A cura di Annabella Vitalone. Dipartimento Fisiologia e Farmacologia “V. Erspamer”. Sapienza Università di Roma. Gruppo di Lavoro di Farmacognosia e Fitoterapia della Società Italiana di Farmacologia.
 
[riferito da Karimpour-Reihan S, Firuzei E, Khosravi M, Abbaszadeh M. Coagulation disorder following Red Clover (TrifoliumPratense) misuse: a case report. Advanced Journal of Emergency Medicine 2018; 2: e* (http://ajem.tums.ac.ir/index.php/ajem/article/view/30)]
 
Una crescente varietà di integratori alimentari, prodotti erboristici e farmaci da banco contenenti piante medicinali viene assunta dai pazienti per motivi diversi. Gli utilizzatori sono inconsapevoli del fatto che questi rimedi auto-prescritti possano essere responsabili di interazioni con cibo e con farmaci ed indurre effetti avversi (non sempre prevedibili) che possono sfociare in importanti conseguenze.
 
Il trifoglio rosso (Trifolium pratense, Fam. Fabaceae) è un legume tradizionalmente utilizzato per il trattamento di menopausa, ulcere cutanee, tosse, mal di gola, febbre, polmonite, meningite, diarrea e perdita di capelli. Le sommità fiorite di tale pianta contengono numerose sostanze tra cui: tannini, isoflavoni, polisaccaridi, saponine, acido salicilico, cumarine, ecc. [1]. Queste ultime sembrano aumentare gli effetti degli anticoagulanti e degli agenti antipiastrinici.

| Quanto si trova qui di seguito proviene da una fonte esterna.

(* Let $(S,\mathcal{S})$ be a measurable space and let $\mathcal{E}\subseteq\mathcal{P}(S)$ be a $\cap$-stable collection with $\sigma(\mathcal{E})=\mathcal{S}$, $\emptyset\in\mathcal{E}$ and $\mathcal{E}\subseteq (\mathcal{E}_{int})_{\sigma}$. If $\pi$ is a constructive cr-set, then for every $A\in\mathcal{S}$ there exist $K\in (\mathcal{E}_{int})_{\sigma}$ and $L\in(\mathcal{E}_{ext})_{\delta}$ with $K\subseteq A\subseteq L$ and $T_{\pi}(L\setminus K)=0$.
   Context: $(\Omega,\mathcal{F},P)$ is a probability space; $C(S)$ is the set of countable subsets of $S$; $N_A(M)=|A\cap M|$; $\mathcal{C}(\mathcal{S})=\sigma(N_A\mid A\in\mathcal{S})$; a cr-set is an $\mathcal{F}$-$\mathcal{C}(\mathcal{S})$ measurable map $\pi:\Omega\to C(S)$, finite if its values are finite; a map $\tau:\Omega\to C(S)$ is constructive if $\tau(\omega)=\bigcup_k\pi_k(\omega)$ for all $\omega$ for some finite cr-sets $\pi_k$, $k\in\mathbb{N}$. The hitting function is $T_\pi(A)=P(\pi\cap A\neq\emptyset)$, $A\in\mathcal{S}$. For a nonempty family $\mathcal{E}$: $\mathcal{E}_\sigma$ (resp. $\mathcal{E}_\delta$) is the family of countable unions (resp. intersections) of $\mathcal{E}$-sets, the empty union/intersection not included; $\mathcal{E}_{ext}=\mathcal{E}_\sigma$; $\mathcal{E}_{int}=\{\bigcap_n (S\setminus E_n)\mid E_n\in\mathcal{E}\}$. *)

theory Defs
  imports "HOL-Probability.Probability"
begin

definition csets :: "'a set \<Rightarrow> 'a set set" where
  "csets S = {X. X \<subseteq> S \<and> countable X}"

definition Ncount :: "'a set \<Rightarrow> 'a set \<Rightarrow> enat" where
  "Ncount A X = (if finite (A \<inter> X) then enat (card (A \<inter> X)) else \<infinity>)"

definition cr_space :: "'a measure \<Rightarrow> 'a set measure" where
  "cr_space M = sigma (csets (space M))
     {Ncount A -` B \<inter> csets (space M) | A B. A \<in> sets M}"

definition cr_set :: "'w measure \<Rightarrow> 'a measure \<Rightarrow> ('w \<Rightarrow> 'a set) \<Rightarrow> bool" where
  "cr_set P M \<pi> \<longleftrightarrow> \<pi> \<in> measurable P (cr_space M)"

definition finite_cr_set :: "'w measure \<Rightarrow> 'a measure \<Rightarrow> ('w \<Rightarrow> 'a set) \<Rightarrow> bool" where
  "finite_cr_set P M \<pi> \<longleftrightarrow> cr_set P M \<pi> \<and> (\<forall>\<omega>\<in>space P. finite (\<pi> \<omega>))"

definition constructive :: "'w measure \<Rightarrow> 'a measure \<Rightarrow> ('w \<Rightarrow> 'a set) \<Rightarrow> bool" where
  "constructive P M \<tau> \<longleftrightarrow>
     (\<exists>\<pi>s :: nat \<Rightarrow> 'w \<Rightarrow> 'a set. (\<forall>k. finite_cr_set P M (\<pi>s k)) \<and>
        (\<forall>\<omega>\<in>space P. \<tau> \<omega> = (\<Union>k. \<pi>s k \<omega>)))"

definition hitting :: "'w measure \<Rightarrow> ('w \<Rightarrow> 'a set) \<Rightarrow> 'a set \<Rightarrow> real" where
  "hitting P \<pi> A = measure P {\<omega> \<in> space P. \<pi> \<omega> \<inter> A \<noteq> {}}"

definition sigma_fam :: "'a set set \<Rightarrow> 'a set set" where
  "sigma_fam E = {\<Union>F | F. F \<noteq> {} \<and> countable F \<and> F \<subseteq> E}"

definition delta_fam :: "'a set set \<Rightarrow> 'a set set" where
  "delta_fam E = {\<Inter>F | F. F \<noteq> {} \<and> countable F \<and> F \<subseteq> E}"

definition ext_fam :: "'a set set \<Rightarrow> 'a set set" where
  "ext_fam E = sigma_fam E"

definition int_fam :: "'a set \<Rightarrow> 'a set set \<Rightarrow> 'a set set" where
  "int_fam S E = {\<Inter>n. S - En n | En. \<forall>n::nat. En n \<in> E}"

end

theory Submission
  imports Defs
begin

(* Fix a measurable set A.  For a FINITE random set rho, the hitting
   functional B |-> T_rho(B) is a monotone, subadditive set function that vanishes at {},
   is countably subadditive, and -- because the values of rho are finite -- tends to 0
   along every decreasing sequence of measurable sets with empty intersection.
   By induction over the generated sigma-algebra this yields, for every epsilon > 0, an
   inner set I in E_int and an outer set U in E_sigma with I <= A <= U and
   T_rho(U - I) < epsilon (lemma approximable_sets).
   A constructive cr-set pi is the increasing union of the finite random sets
   rho_N = pi_0 u ... u pi_N.  Approximating A for rho_N with precision 1/(N+1) and taking
   K = U_N I_N and L = Inter_N U_N gives T_rho_N(L - K) = 0 for every N
   (lemma sandwich), hence T_pi(L - K) = 0 by countable subadditivity. *)

lemma sigma_famI:
  "F \<noteq> {} \<Longrightarrow> countable F \<Longrightarrow> F \<subseteq> E \<Longrightarrow> X = \<Union>F \<Longrightarrow> X \<in> sigma_fam E"
  unfolding sigma_fam_def by blast

lemma delta_famI:
  "F \<noteq> {} \<Longrightarrow> countable F \<Longrightarrow> F \<subseteq> E \<Longrightarrow> X = \<Inter>F \<Longrightarrow> X \<in> delta_fam E"
  unfolding delta_fam_def by blast

lemma int_famI: "(\<And>n::nat. En n \<in> E) \<Longrightarrow> X = (\<Inter>n. S - En n) \<Longrightarrow> X \<in> int_fam S E"
  unfolding int_fam_def by blast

In Iran, luogo da cui proviene la segnalazione del caso di seguito riportato, il trifoglio è usato sotto forma di tisana spesso in associazione all’erba medica per aumentare la conta piastrinica. Evidenze scientifiche in tal senso non sono tuttavia disponibili, ma vi sono informazioni che mettono in guardia su rischi potenziali di sanguinamento indotti dal consumo di trifoglio rosso. I casi clinici di emorragia ad esso attribuibili sono però, ad oggi, limitati.
 
Gli autori di questa segnalazione riportano il caso di un disturbo emorragico in una donna di 28 anni, che assumeva trifoglio rosso. Questa paziente è arrivata al pronto soccorso lamentando ematuria. Ha dichiarato di assumere (su autoprescrizione) 5-6 tazze al giorno di un infuso a base di alfalfa (erba medica) e trifoglio rosso. Dopo 2 settimane di assunzione si sono verificati alcuni episodi di epistassi e si sono sviluppate delle ecchimosi in corrispondenza degli arti. Le ecchimosi ed una lieve emorragia dalle labbra sono state confermate dall’esame obiettivo. Gli episodi di sanguinamento ed epistassi che ha avuto sono stati trattati con plasma fresco congelato e vitamina K.
 
La storia clinica della paziente evidenzia una diagnosi di lupus eritematoso sistemico (LES), porpora trombocitopenica idiopatica e piastrinopenia. La paziente era in trattamento con prednisolone, ma non aveva mai preso anticoagulanti.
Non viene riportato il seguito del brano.